One half of the world spends its time

trying to heal what the other half wounded

but there are no such divisions of labour among the dead

nor can you shoot yourself in the mouth and call it Somalia

and expect to be martyred by your suicide

as things get progressively worse.

Saint Suicide beatified by Saint Jude of the Lost Cause.

Desdemona slashing her wrists on the moon.

No one’s going to read your poetry when you’re gone

if there’s nothing to live on to gratify their hunger.

But don’t let the worms go to your head

just because they like their poets dead.

You’re paralyzed by the shadows of gigantic problems.

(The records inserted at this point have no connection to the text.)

(* Let $\Delta\ge 3$ be an integer and let $G\in\mathcal{G}_\Delta$. Let $c_1,\dots,c_\Delta$ be the real numbers defined by $c_\Delta=\frac{1}{\Delta}$ and $ic_i+c_{i+1}=1$ for $i=1,\dots,\Delta-1$. Then $$\alpha(G)\ge \sum_{i=1}^{\Delta} c_i|V_i(G)|.$$
   Context: All graphs are simple, finite and undirected. For an integer $\Delta\ge 3$, $\mathcal{G}_\Delta$ denotes the set of connected graphs $G\neq K_{\Delta+1}$ with maximum degree $\Delta$. For a graph $G$ and $i\ge 1$, $V_i(G)$ is the set of vertices of $G$ of degree $i$. $\alpha(G)$ is the independence number of $G$. *)

theory Defs
  imports Main "HOL-Library.Disjoint_Sets" Complex_Main
begin

definition simple_graph :: "'a set \<Rightarrow> ('a \<Rightarrow> 'a \<Rightarrow> bool) \<Rightarrow> bool" where
  "simple_graph V E \<longleftrightarrow> finite V \<and>
     (\<forall>u v. E u v \<longrightarrow> u \<in> V \<and> v \<in> V) \<and>
     (\<forall>u v. E u v \<longrightarrow> E v u) \<and> (\<forall>v. \<not> E v v)"

definition neighbours :: "'a set \<Rightarrow> ('a \<Rightarrow> 'a \<Rightarrow> bool) \<Rightarrow> 'a \<Rightarrow> 'a set" where
  "neighbours V E v = {u \<in> V. E v u}"

definition degree :: "'a set \<Rightarrow> ('a \<Rightarrow> 'a \<Rightarrow> bool) \<Rightarrow> 'a \<Rightarrow> nat" where
  "degree V E v = card (neighbours V E v)"

definition max_degree :: "'a set \<Rightarrow> ('a \<Rightarrow> 'a \<Rightarrow> bool) \<Rightarrow> nat" where
  "max_degree V E = Max (insert 0 (degree V E ` V))"
text \<open>
  Write \<open>q = r\<^sup>2\<close> and let \<open>D\<close> be the set of nonzero \<open>d\<close>-th powers. Since \<open>x ^ n = c\<close> has at most
  \<open>n\<close> roots, counting shows that \<open>D\<close> is exactly the set of roots of \<open>x ^ ((q - 1) / d) = 1\<close> and has
  \<open>(q - 1)/d\<close> elements (Euler's criterion, without a primitive root).

  For a non-\<open>d\<close>-th power \<open>t\<close> the map \<open>(a, b) \<mapsto> a + t b\<close> is injective on \<open>C \<times> C\<close> for every
  clique \<open>C\<close>, so \<open>\<omega> \<le> r\<close>. If \<open>d\<close> divides \<open>r + 1\<close>, the subfield \<open>{z. z ^ r = z}\<close> is a clique of
  size \<open>r\<close>: a nonzero difference \<open>z\<close> of two of its elements satisfies \<open>z ^ (r - 1) = 1\<close>, hence
  \<open>z ^ ((q - 1) / d) = 1\<close>.

  Conversely, let \<open>A\<close> be a clique of size \<open>r\<close>. For \<open>x \<notin> A\<close> let \<open>v(x)\<close> be the number of
  neighbours of \<open>x\<close> in \<open>A\<close> and \<open>T(x)\<close> the number of pairs \<open>(a, b) \<in> A \<times> A\<close> with \<open>x - a\<close> and
  \<open>x - b\<close> in the same coset of \<open>D\<close>. Double counting gives \<open>\<Sum> v\<close> and \<open>\<Sum> T\<close> over \<open>x \<notin> A\<close>, and
  Cauchy-Schwarz over the \<open>d - 1\<close> cosets other than \<open>D\<close> gives
  \<open>(d - 1) T \<ge> (d - 1) v\<^sup>2 + (r - v)\<^sup>2\<close>. These force \<open>d v(x) = r + 1 - d\<close> for every \<open>x \<notin> A\<close>, so
  \<open>d\<close> divides \<open>r + 1\<close>.
\<close>

section \<open>Powers in a finite field\<close>

lemma finite_field_power_card_minus_one:
  fixes x :: "'a::{field,finite}"
  assumes "x \<noteq> 0"
  shows "x ^ (CARD('a) - 1) = 1"
proof -
  have "x ^ (CARD('a) - 1) * \<Prod>(UNIV - {0::'a}) = (\<Prod>y\<in>UNIV - {0}. x * y)"
    by (simp add: prod.distrib card_Diff_singleton)
  also have "\<dots> = \<Prod>(UNIV - {0::'a})"
    by (rule prod.reindex_bij_witness[of _ "\<lambda>y. y / x" "\<lambda>y. x * y"]) (use assms in auto)
  finally show ?thesis
    by (simp add: prod_zero_iff)
qed
lemma finite_out_neighbours: "finite C \<Longrightarrow> finite {w. (v, w) \<in> C}"
  by (rule finite_subset[of _ "snd ` C"]) force+

lemma finite_in_neighbours: "finite C \<Longrightarrow> finite {u. (u, v) \<in> C}"
  by (rule finite_subset[of _ "fst ` C"]) force+

lemma indeg_eq_card_Int: "indeg C v = card (C \<inter> {e. snd e = v})"
proof -
  have "C \<inter> {e. snd e = v} = (\<lambda>u. (u, v)) ` {u. (u, v) \<in> C}" by auto
  then show ?thesis by (simp add: indeg_def card_image inj_on_def)
qed

lemma outdeg_eq_card_Int: "outdeg C v = card (C \<inter> {e. fst e = v})"
proof -
  have "C \<inter> {e. fst e = v} = Pair v ` {w. (v, w) \<in> C}" by auto
  then show ?thesis by (simp add: outdeg_def card_image inj_on_def)
qed

lemma card_insert_Diff_Int:
  assumes "finite A" "d \<in> A" "e \<notin> A"
  shows "int (card (insert e (A - {d}) \<inter> X)) = int (card (A \<inter> X)) + of_bool (e \<in> X) - of_bool (d \<in> X)"
proof -
  have "(A - {d}) \<inter> X = A \<inter> X - {d}" by blast
  moreover have "card (A \<inter> X) > 0" if "d \<in> X"
    using assms that by (auto simp: card_gt_0_iff)
  ultimately have "int (card ((A - {d}) \<inter> X)) = int (card (A \<inter> X)) - of_bool (d \<in> X)"
    using assms by (cases "d \<in> X") (simp_all add: card_Diff_singleton of_nat_diff)
  moreover have "e \<notin> (A - {d}) \<inter> X" using assms(3) by blast
  ultimately show ?thesis
    using assms(1) by (cases "e \<in> X") (simp_all add: Int_insert_left)
qed

lemma rewire_directed: "directed \<Longrightarrow> rewire directed C u v w = insert (u, w) (C - {(u, v)})"
  by (simp add: rewire_def add_edge_def del_edge_def)

lemma rewire_undirected:
  "\<not> directed \<Longrightarrow> u \<noteq> v \<Longrightarrow> w \<noteq> v \<Longrightarrow>
   rewire directed C u v w = insert (w, u) (insert (u, w) (C - {(u, v)}) - {(v, u)})"
  by (auto simp: rewire_def add_edge_def del_edge_def)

You don’t know how to take the stinger out of the storm

or defuse the lightning before it fries your mistletoe.

The world speaks to you eloquently in a dead language

but your voice still lies buried in the desert of an hourglass

waiting to be discovered like the Rosetta Stone.

And you are so irreparably alone with matter and night

you despair of ever deepening your darkness into light.

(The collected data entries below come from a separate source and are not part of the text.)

lemma eq_0_if_dvd_abs_less:
  fixes d m :: int
  assumes "m dvd d" "\<bar>d\<bar> < m"
  shows "d = 0"
proof (rule ccontr)
  assume "d \<noteq> 0"
  then have "\<bar>m\<bar> \<le> \<bar>d\<bar>"
    using assms(1) by (rule dvd_imp_le_int)
  then show False
    using assms(2) by linarith
qed

lemma int_dvd_diff_if_mod_eq: "(p::nat) mod m = q mod m \<Longrightarrow> int m dvd int p - int q"
  by (metis mod_eq_dvd_iff of_nat_mod)

lemma eq_if_mod_eq_add:
  fixes a a' c m :: nat
  assumes "a < m" "a' < m" "(a + c) mod m = (a' + c) mod m"
  shows "a = a'"
proof -
  have "int m dvd int a - int a'"
    using int_dvd_diff_if_mod_eq[OF assms(3)] by simp
  moreover have "\<bar>int a - int a'\<bar> < int m"
    using assms(1,2) by linarith
  ultimately have "int a - int a' = 0"
    by (rule eq_0_if_dvd_abs_less)
  then show ?thesis
    by simp
qed

lemma slope_eq_if_two_columns:
  fixes i i' j j' a a' m :: nat
  assumes "(a + j * i) mod m = (a' + j * i') mod m" "(a + j' * i) mod m = (a' + j' * i') mod m"
    and "j \<noteq> j'" "j < 3" "j' < 3" "i < 5" "i' < 5" "10 \<le> m"
  shows "i = i'"
proof -
  have "int m dvd (int a + int j * int i) - (int a' + int j * int i')"
    "int m dvd (int a + int j' * int i) - (int a' + int j' * int i')"
    using int_dvd_diff_if_mod_eq[OF assms(1)] int_dvd_diff_if_mod_eq[OF assms(2)] by simp_all
  then have "int m dvd ((int a + int j * int i) - (int a' + int j * int i'))
      - ((int a + int j' * int i) - (int a' + int j' * int i'))"
    by (rule dvd_diff)
  also have "((int a + int j * int i) - (int a' + int j * int i'))
      - ((int a + int j' * int i) - (int a' + int j' * int i')) = (int j - int j') * (int i - int i')"
    by (simp add: algebra_simps)
  finally have "int m dvd (int j - int j') * (int i - int i')" .
  moreover have "\<bar>(int j - int j') * (int i - int i')\<bar> < int m"
  proof -
    have "\<bar>int j - int j'\<bar> \<le> 2" "\<bar>int i - int i'\<bar> \<le> 4"
      using assms(4-7) by linarith+
    then have "\<bar>int j - int j'\<bar> * \<bar>int i - int i'\<bar> \<le> 2 * 4"
      by (intro mult_mono) auto
    then show ?thesis
      using assms(8) by (simp add: abs_mult)
  qed
  ultimately have "(int j - int j') * (int i - int i') = 0"
    by (rule eq_0_if_dvd_abs_less)
  then show ?thesis
    using assms(3) by simp
qed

You don’t know how to pour grails out of the ores of your insight.

And if life is as cynically absurd as you contest

and the slayer and the slain

are looking for the same vein for the same hit

because they just can’t deal with it anymore,

why are you trying to erect all these quicksand temples to peace

on a firm foundation of war?

Why do you throw acid in the eyes of the stars

when they try to shine down like rain

on the maps of your scars

as if they were spies

as if they were blackholes in disguise?

You won’t find the secret meaning of flowers in desecrated roots.

Your bitterness won’t think its way into wine.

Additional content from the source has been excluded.